I think because the matching is inherently complex?  But also because
it does high-cost things like allocating new List and Set for every
matched doc (e.g. NearSpansOrdered.shrinkToAfterShortestMatch) to hold
all payloads it encountered within each span. Patches welcome!

> In a regular query we walk postings and match document numbers, in a SpanQuery we match
position numbers (or position segments), what's the principal difference?
> I think it's just that #documents << #positions.

Conceptually, that's right, we just need to decode "more ints" (and
also the payloads), but then need to essentially merge-sort the
positions of N terms, and then "coalesce" them into spans, is at heart
rather costly.  Lots of hard-for-CPU-to-predict branches...

But I suspect we could get some good speedups on span queries with a
better implementation;
https://issues.apache.org/jira/browse/LUCENE-2878 is [slowly]
exploring making positions "first class" in Scorer, so you can iterate
over position + payload for each hit.

> For "A,sg" and "A,pl" I use unordered SpanNearQueries with the slop=-1.

I didn't even realize you could pass negative slop to span queries.
What does that do?  Or did you mean slop=1?

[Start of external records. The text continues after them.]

lemma La_Cons_mult_power:
  "La K ((t - int m) # ts) ((u * w) # ws)
    = (\<Sum>j=1..K. u ^ j * of_nat j ^ m * (w ^ j / of_nat j powi t * La j ts ws))"
proof -
  have "(u * w) ^ j / of_nat j powi (t - int m) = u ^ j * of_nat j ^ m * (w ^ j / of_nat j powi t)"
    if "1 \<le> j" for j
    using that by (simp add: power_int_diff power_mult_distrib field_simps)
  then show ?thesis
    by (auto intro!: sum.cong)
qed

lemma La_neg_first_exponent:
  assumes "u \<noteq> 1"
  shows "La K (- int n # t # ts) (u # w # ws) =
      Ps n K u * La K (t # ts) (w # ws)
    - (\<Sum>l\<le>n. poly (a1 n l div [:0, 1:]) u / (1 - u) ^ (n + 1)
         * (\<Sum>m\<le>l. of_nat (l choose m) * (-1) ^ (l - m) * La K ((t - int m) # ts) ((u * w) # ws)))
    - (\<Sum>l\<le>n. poly (a2 n l) u / (1 - u) ^ (n + 1)
         * (\<Sum>m\<le>l. of_nat (l choose m) * (-1) ^ (l - m) * La K ((t - int m) # ts) (w # ws)))"
proof -
  define g where "g j = w ^ j / of_nat j powi t * La j ts ws" for j
  define c :: "nat \<Rightarrow> nat \<Rightarrow> complex"
    where "c l m = of_nat (l choose m) * (-1) ^ (l - m)" for l m
  define q where "q l = poly (a1 n l div [:0, 1:]) u / (1 - u) ^ (n + 1)" for l
  define b where "b l = poly (a2 n l) u / (1 - u) ^ (n + 1)" for l
  have "La K (- int n # t # ts) (u # w # ws)
      = (\<Sum>k=1..K. of_nat k ^ n * u ^ k * (\<Sum>j=1..k. g j))"
    by (simp add: g_def power_int_minus divide_inverse mult_ac)
  also have "\<dots> = Ps n K u * La K (t # ts) (w # ws) - (\<Sum>j=1..K. g j * Ps n (j - 1) u)"
    by (subst sum_mult_partial_sums) (simp add: Ps_def g_def)
  also have "(\<Sum>j=1..K. g j * Ps n (j - 1) u)
      = (\<Sum>j=1..K. \<Sum>l\<le>n. (u ^ j * q l + b l) * (\<Sum>m\<le>l. c l m * of_nat j ^ m) * g j)"
    using Ps_minus_one_expansion[OF assms]
    by (auto intro!: sum.cong simp: q_def b_def c_def add_divide_distrib sum_distrib_left
        sum_distrib_right mult_ac)
  also have "\<dots> = (\<Sum>l\<le>n. q l * (\<Sum>m\<le>l. c l m * (\<Sum>j=1..K. u ^ j * of_nat j ^ m * g j)))
      + (\<Sum>l\<le>n. b l * (\<Sum>m\<le>l. c l m * (\<Sum>j=1..K. of_nat j ^ m * g j)))"
    by (simp add: sum_distrib_left sum_distrib_right sum.distrib algebra_simps
        sum.swap[of _ "{Suc 0..K}"])
  moreover have "La K ((t - int m) # ts) ((u * w) # ws) = (\<Sum>j=1..K. u ^ j * of_nat j ^ m * g j)"
    for m
    unfolding g_def by (rule La_Cons_mult_power)
  moreover have "La K ((t - int m) # ts) (w # ws) = (\<Sum>j=1..K. of_nat j ^ m * g j)" for m
    using La_Cons_mult_power[of K t m ts 1 w ws] by (simp add: g_def)
  ultimately show ?thesis
    unfolding q_def[symmetric] b_def[symmetric] c_def[symmetric] by (simp only: diff_diff_eq)
qed

theorem mainTheorem9:
  fixes p K :: nat and s :: "nat \<Rightarrow> int" and z :: "nat \<Rightarrow> complex"
  assumes "p \<ge> 2" and "K \<ge> 1" and "s 1 \<ge> 0"
    and "\<forall>i \<in> {1..p}. norm (z i) < 1"
  shows "La K ((- s 1) # map s [2..<p+1]) (map z [1..<p+1]) =
      Ps (nat (s 1)) K (z 1) * La K (map s [2..<p+1]) (map z [2..<p+1])
    - (\<Sum>l\<le>nat (s 1). poly (a1 (nat (s 1)) l div [:0, 1:]) (z 1) / (1 - z 1) ^ (nat (s 1) + 1)
         * (\<Sum>m\<le>l. of_nat (l choose m) * (-1) ^ (l - m)
              * La K ((s 2 - int m) # map s [3..<p+1]) ((z 1 * z 2) # map z [3..<p+1])))
    - (\<Sum>l\<le>nat (s 1). poly (a2 (nat (s 1)) l) (z 1) / (1 - z 1) ^ (nat (s 1) + 1)
         * (\<Sum>m\<le>l. of_nat (l choose m) * (-1) ^ (l - m)
              * La K ((s 2 - int m) # map s [3..<p+1]) (map z [2..<p+1])))"
proof -
  have s1: "s 1 = int (nat (s 1))"
    using assms(3) by simp
  have upt: "[2..<p+1] = 2 # [3..<p+1]" "[1..<p+1] = 1 # 2 # [3..<p+1]"
    using assms(1) by (simp_all add: upt_conv_Cons numeral_3_eq_3)
  have "norm (z 1) < 1"
    using assms(1,4) by simp
  then have "z 1 \<noteq> 1"
    by auto
  from La_neg_first_exponent[OF this, of K "nat (s 1)" "s 2" "map s [3..<p+1]" "z 2"
      "map z [3..<p+1]"]
  show ?thesis
    unfolding upt list.map by (simp only: flip: s1)
qed

end
lemma succ_ratio_R_bounds:
  assumes "k \<ge> 8"
  shows "ratio_lo k \<le> succ_ratio R k" "succ_ratio R k \<le> ratio_hi k"
  using R_bracketed[OF assms] unfolding R_bracketed_def succ_ratio_def
  by (simp_all add: field_simps)

lemma succ_ratio_R_mono:
  assumes "k \<ge> 5"
  shows "succ_ratio R k \<le> succ_ratio R (Suc k)"
proof (cases "k \<ge> 8")
  case True
  have "succ_ratio R k \<le> ratio_hi k" using succ_ratio_R_bounds True by blast
  also have "\<dots> \<le> ratio_lo (k + 1)" using ratio_hi_le_ratio_lo_Suc[of k] True by (simp add: add.commute)
  also have "\<dots> \<le> succ_ratio R (Suc k)" using succ_ratio_R_bounds[of "Suc k"] True by simp
  finally show ?thesis .
next
  case False
  with assms have "k \<in> {5, 6, 7}" by auto
  then show ?thesis
    unfolding succ_ratio_def using R_5 R_6 R_7 R_8 R_9 by (auto simp: eval_nat_numeral)
qed

lemma ratio_hi_Suc_div_ratio_lo:
  assumes "x \<ge> 8"
  shows "ratio_hi (x + 1) / ratio_lo x = 1 + 210 / ((10 * x + 17) * (10 * x - 12))"
proof -
  have "ratio_hi (x + 1) / ratio_lo x
      = (growth_rate * ((10 * x + 2) / (10 * x + 17))) / (growth_rate * ((10 * x - 12) / (10 * x + 3)))"
    by (simp add: ratio_hi_def ratio_lo_def algebra_simps)
  also have "\<dots> = ((10 * x + 2) / (10 * x + 17)) / ((10 * x - 12) / (10 * x + 3))"
    using growth_rate_ge_3 by simp
  also have "\<dots> = 1 + 210 / ((10 * x + 17) * (10 * x - 12))"
    using assms mult_pos_pos[of "10 * x + 17" "10 * x - 12"] by (simp add: field_simps)
  finally show ?thesis .
qed

lemma succ_ratio_R_slow_growth:
  assumes "k \<ge> 5"
  shows "real k * (real k + 1) * (succ_ratio R (Suc k) / succ_ratio R k - 1) \<le> 23 / 10"
proof (cases "k \<ge> 8")
  case True
  define x where "x = real k"
  have x: "x \<ge> 8" using True x_def by simp
  have "succ_ratio R (Suc k) / succ_ratio R k \<le> ratio_hi (x + 1) / ratio_lo x"
    using succ_ratio_R_bounds[of k] succ_ratio_R_bounds[of "Suc k"] ratio_lo_ge_1[OF x]
      ratio_hi_ge_1[of "x + 1"]
      R_pos[of "Suc k"] R_pos[of "Suc (Suc k)"] True x_def
    by (intro frac_le) (auto simp: succ_ratio_def add.commute)
  then have "succ_ratio R (Suc k) / succ_ratio R k - 1 \<le> 210 / ((10 * x + 17) * (10 * x - 12))"
    using ratio_hi_Suc_div_ratio_lo[OF x] by simp
  then have "x * (x + 1) * (succ_ratio R (Suc k) / succ_ratio R k - 1)
      \<le> x * (x + 1) * (210 / ((10 * x + 17) * (10 * x - 12)))"
    using x by (intro mult_left_mono) auto
  also have "\<dots> \<le> 23 / 10"
  proof -
    have "0 \<le> (x - 8) * (20 * x + 65)" using x by simp
    then have "x * (x + 1) * 210 \<le> 23 / 10 * ((10 * x + 17) * (10 * x - 12))"
      by (simp add: algebra_simps)
    then show ?thesis using x by (simp add: field_simps)
  qed
  finally show ?thesis using x_def by simp
next
  case False
  with assms have "k \<in> {5, 6, 7}" by auto
  then show ?thesis
    unfolding succ_ratio_def using R_5 R_6 R_7 R_8 R_9 by (auto simp: eval_nat_numeral)
qed
lemma repr_fun_upd_diff:
  fixes x :: point and u j :: nat and v :: real
  defines "x' \<equiv> x(u := (x u)(j := v))"
  assumes "1 \<le> u" "u \<le> T" "1 \<le> j" "j \<le> d"
  shows "repr T d h g x' - repr T d h g x
    = (if 2 \<le> u then h (u-1) j (prefix d (u-1) x) * (v - x u j) else 0)
      + (gains d {u..T-1} h x' - gains d {u..T-1} h x) + (g j (x' T j) - g j (x T j))"
proof -
  have g: "(\<Sum>i=1..d. g i (x' T i)) - (\<Sum>i=1..d. g i (x T i)) = g j (x' T j) - g j (x T j)"
    using assms by (intro sum_diff_single_change) (auto simp: x'_def)
  show ?thesis
  proof (cases "2 \<le> u")
    case True
    define p where "p = prefix d (u-1) x"
    have single: "gains d {u-1} h y = (\<Sum>i=1..d. h (u-1) i p * (y u i - x (u-1) i))"
      if "prefix d (u-1) y = p" "y (u-1) = x (u-1)" for y
      using True that by (simp add: gains_def)
    have "gains d {u-1} h x' = (\<Sum>i=1..d. h (u-1) i p * (x' u i - x (u-1) i))"
      by (rule single) (use True in \<open>auto simp: x'_def p_def prefix_fun_upd\<close>)
    moreover have "gains d {u-1} h x = (\<Sum>i=1..d. h (u-1) i p * (x u i - x (u-1) i))"
      by (rule single) (auto simp: p_def)
    ultimately have "gains d {u-1} h x' - gains d {u-1} h x = h (u-1) j p * (x' u j - x u j)"
      using assms by (simp, subst sum_diff_single_change) (auto simp: x'_def algebra_simps)
    moreover have "gains d {1..<u-1} h x' = gains d {1..<u-1} h x"
      unfolding x'_def by (rule gains_fun_upd_later) auto
    moreover have "x' u j = v" by (simp add: x'_def)
    ultimately show ?thesis
      using g unfolding repr_eq_gains gains_split[OF True \<open>u \<le> T\<close>] by (simp add: True p_def)
  next
    case False
    with \<open>1 \<le> u\<close> have "u = 1" by simp
    then show ?thesis using g unfolding repr_eq_gains by simp
  qed
qed
lemma V_exponent_large:
  assumes n: "69 \<le> n"
  shows "V (higher_digits (5 ^ n)) (real n)"
proof -
  define T where "T = higher_digits (5 ^ n)"
  define D where "D = real ` {..<10}"
  have "set (tl (digits (5 ^ n))) \<subseteq> set (digits (5 ^ n))"
    by (cases "digits (5 ^ n)") auto
  then have D: "finite D" "card D \<le> 10" "set_mset T \<subseteq> D"
    unfolding D_def T_def using card_image_le[of "{..<10::nat}" real]
    by (auto dest: digits_lt_10)
  obtain j where j: "n < 2 ^ j" "10 ^ (6 * j + 6) \<le> (5::nat) ^ n"
    using five_pow_ge_ten_pow[OF n] by blast
  have "6 * j + 6 \<le> size T"
    using length_digits_gt[OF j(2)] by (simp add: T_def)
  moreover obtain Ms R where MR: "T = sum_list Ms + R" "\<forall>M\<in>set Ms. \<exists>x. M = {#x, x#}"
    "size T \<le> 2 * length Ms + card D"
    using pair_decomposition[OF D(1,3)] by blast
  moreover have "unit_cost n + 2 \<le> 3 * j" using unit_cost_le[OF _ j(1)] n by simp
  ultimately have cost: "unit_cost n \<le> length Ms" using D(2) by linarith
  have ones: "\<forall>M\<in>set Ms. V M 1" using MR(2) V_one_pair by auto
  have "1 \<le> unit_cost n" using n by (cases n rule: unit_cost.cases) auto
  with cost obtain M Ms' where Ms: "Ms = M # Ms'" by (cases Ms) auto
  have "V (sum_list ((M + R) # Ms')) (of_nat n)"
    using n ones Ms cost V_one_add by (intro V_of_nat_from_ones) auto
  then show ?thesis using MR(1) Ms by (simp add: T_def ac_simps)
qed

lemma V_exceptional_exponents:
  assumes "n \<in> {4, 8, 10}"
  shows "V (higher_digits (5 ^ n)) (real n)"
  using assms
proof (elim insertE)
  assume "n = 4"
  \<comment> \<open>\<open>5 ^ 4 = 625\<close>, and \<open>4 = 6 - 2\<close>\<close>
  have "V ({#6#} + {#2#}) (6 - 2)" by (intro V_diff V.single)
  with \<open>n = 4\<close> show ?thesis by (simp add: digits.simps add_mset_commute)
next
  assume "n = 8"
  \<comment> \<open>\<open>5 ^ 8 = 390625\<close>, and \<open>8 = 2 ^ 3 \<cdot> 1\<close> with \<open>1 = (0! ^ 6) ^ 9\<close>\<close>
  have "V ({#2#} + {#3#}) (2 ^ 3)"
    using V_power[of "{#2#}" 2 "{#3#}" 3] by (simp add: V.single)
  then have "V (({#2#} + {#3#}) + {#0, 6, 9#}) (2 ^ 3)"
    by (rule V_mult_one) (simp add: V_one_if_zero_or_one)
  with \<open>n = 8\<close> show ?thesis by (simp add: digits.simps add_mset_commute)
next
  assume "n = 10"
  \<comment> \<open>\<open>5 ^ 10 = 9765625\<close>, and \<open>10 = 2 \<cdot> 5 \<cdot> 1\<close> with \<open>1 = ((6 - 6)! ^ 7) ^ 9\<close>\<close>
  have "V (({#2#} + {#5#}) + {#6, 6, 7, 9#}) (2 * 5)"
    by (intro V_mult_one V_mult V.single V_one_if_repeated[of _ 6]) simp
  with \<open>n = 10\<close> show ?thesis by (simp add: digits.simps add_mset_commute)
qed simp

lemma V_exponent_small:
  assumes "2 \<le> n" "n \<le> 68"
  shows "V (higher_digits (5 ^ n)) (real n)"
proof -
  let ?P = "\<lambda>n ds. n \<in> {4, 8, 10} \<or> greedy_ok n (tl ds)"
  have "check_powers ?P 5 67 2 (digits (5 ^ 2))"
    by (simp add: check_powers.simps greedy_ok_def digits.simps)
  from check_powers_digits[OF this] assms have "?P n (digits (5 ^ n))" by simp
  then show ?thesis using V_exceptional_exponents V_if_greedy_ok by blast
qed

theorem theorem7p4:
  fixes n :: nat
  assumes "n \<ge> 1"
  shows "selfcondensable (5 ^ n)"
proof -
  have "V (digit_mset (5 ^ n)) (real (5 ^ n))"
  proof (cases "n = 1")
    case True
    then show ?thesis by (simp add: digit_mset_def digits_pos V.single)
  next
    case False
    with assms V_exponent_small V_exponent_large have "V (higher_digits (5 ^ n)) (real n)"
      by (cases "n \<le> 68") auto
    with assms show ?thesis by (rule V_five_pow_from_exponent)
  qed
  then show ?thesis by (simp add: selfcondensable_def)
qed

end
lemma bdd_above_admissible: "bdd_above admissible"
proof -
  obtain R where R: "0 < R" "0 < f R" using somewhere_pos by blast
  have "r \<le> max 1 (max R (1 / f R))" if "r \<in> admissible" for r
  proof (cases "r \<le> max 1 R")
    case False
    then have "1 < r" "R < r" by auto
    have "r\<^sup>2 * f R \<le> r\<^sup>2 * f r" using mono[OF R(1)] \<open>R < r\<close> by (simp add: mult_left_mono)
    also have "\<dots> \<le> 1" using that by (simp add: admissible_def)
    finally have "r\<^sup>2 \<le> 1 / f R" using R(2) by (simp add: field_simps)
    moreover have "r \<le> r\<^sup>2" using \<open>1 < r\<close> by (simp add: power2_eq_square)
    ultimately show ?thesis by linarith
  qed auto
  then show ?thesis by (rule bdd_aboveI)
qed

lemma critical_radius_pos: "0 < critical_radius"
proof -
  obtain r where "r \<in> admissible" using admissible_nonempty by blast
  then show ?thesis
    using cSup_upper[OF _ bdd_above_admissible] unfolding critical_radius_def admissible_def
    by fastforce
qed

lemma admissible_below_critical_radius:
  assumes "0 < t" "t < critical_radius"
  shows "t\<^sup>2 * f t \<le> 1"
proof -
  obtain r where r: "r \<in> admissible" "t < r"
    using assms(2) less_cSup_iff[OF admissible_nonempty bdd_above_admissible]
    unfolding critical_radius_def by blast
  have "t\<^sup>2 * f t \<le> r\<^sup>2 * f r"
    using r assms(1) mono[OF assms(1)] nonneg[OF assms(1)]
    by (intro mult_mono power_mono) (auto simp: admissible_def)
  with r(1) show ?thesis by (simp add: admissible_def)
qed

> I wrap them into an ordered SpanNearQuery with the slop=0.
>
> I see getPayload() in the profiler top. I think I can emulate payload checking with cleverly
assigned position increments (and then maximum position in a document might jump up to ~10^9
- I hope it won't blow the whole index up).
>
> If I remove payload matching and keep only position checking, will it speed up everything,
or the positions and payloads are the same?

I think it would help to avoid payloads, but I'm not sure by how much.
 E.g., I see that NearSpansOrdered creates a new Set for every hit
just to hold payloads, even if payloads are not going to be used.
Really the span scorers should check Terms.hasPayloads up front ...

> My main goal is getting the precise results for a query, so proximity boosting won't
help, unfortunately.

OK.

I wonder if you can somehow identify the spans you care about at
indexing time, e.g. A,sg followed by N,sg and e.g. add a span into the
index at that point; this would make searching much faster (it becomes
a TermQuery).  For exact matching (slop=0) you can also index
shingles.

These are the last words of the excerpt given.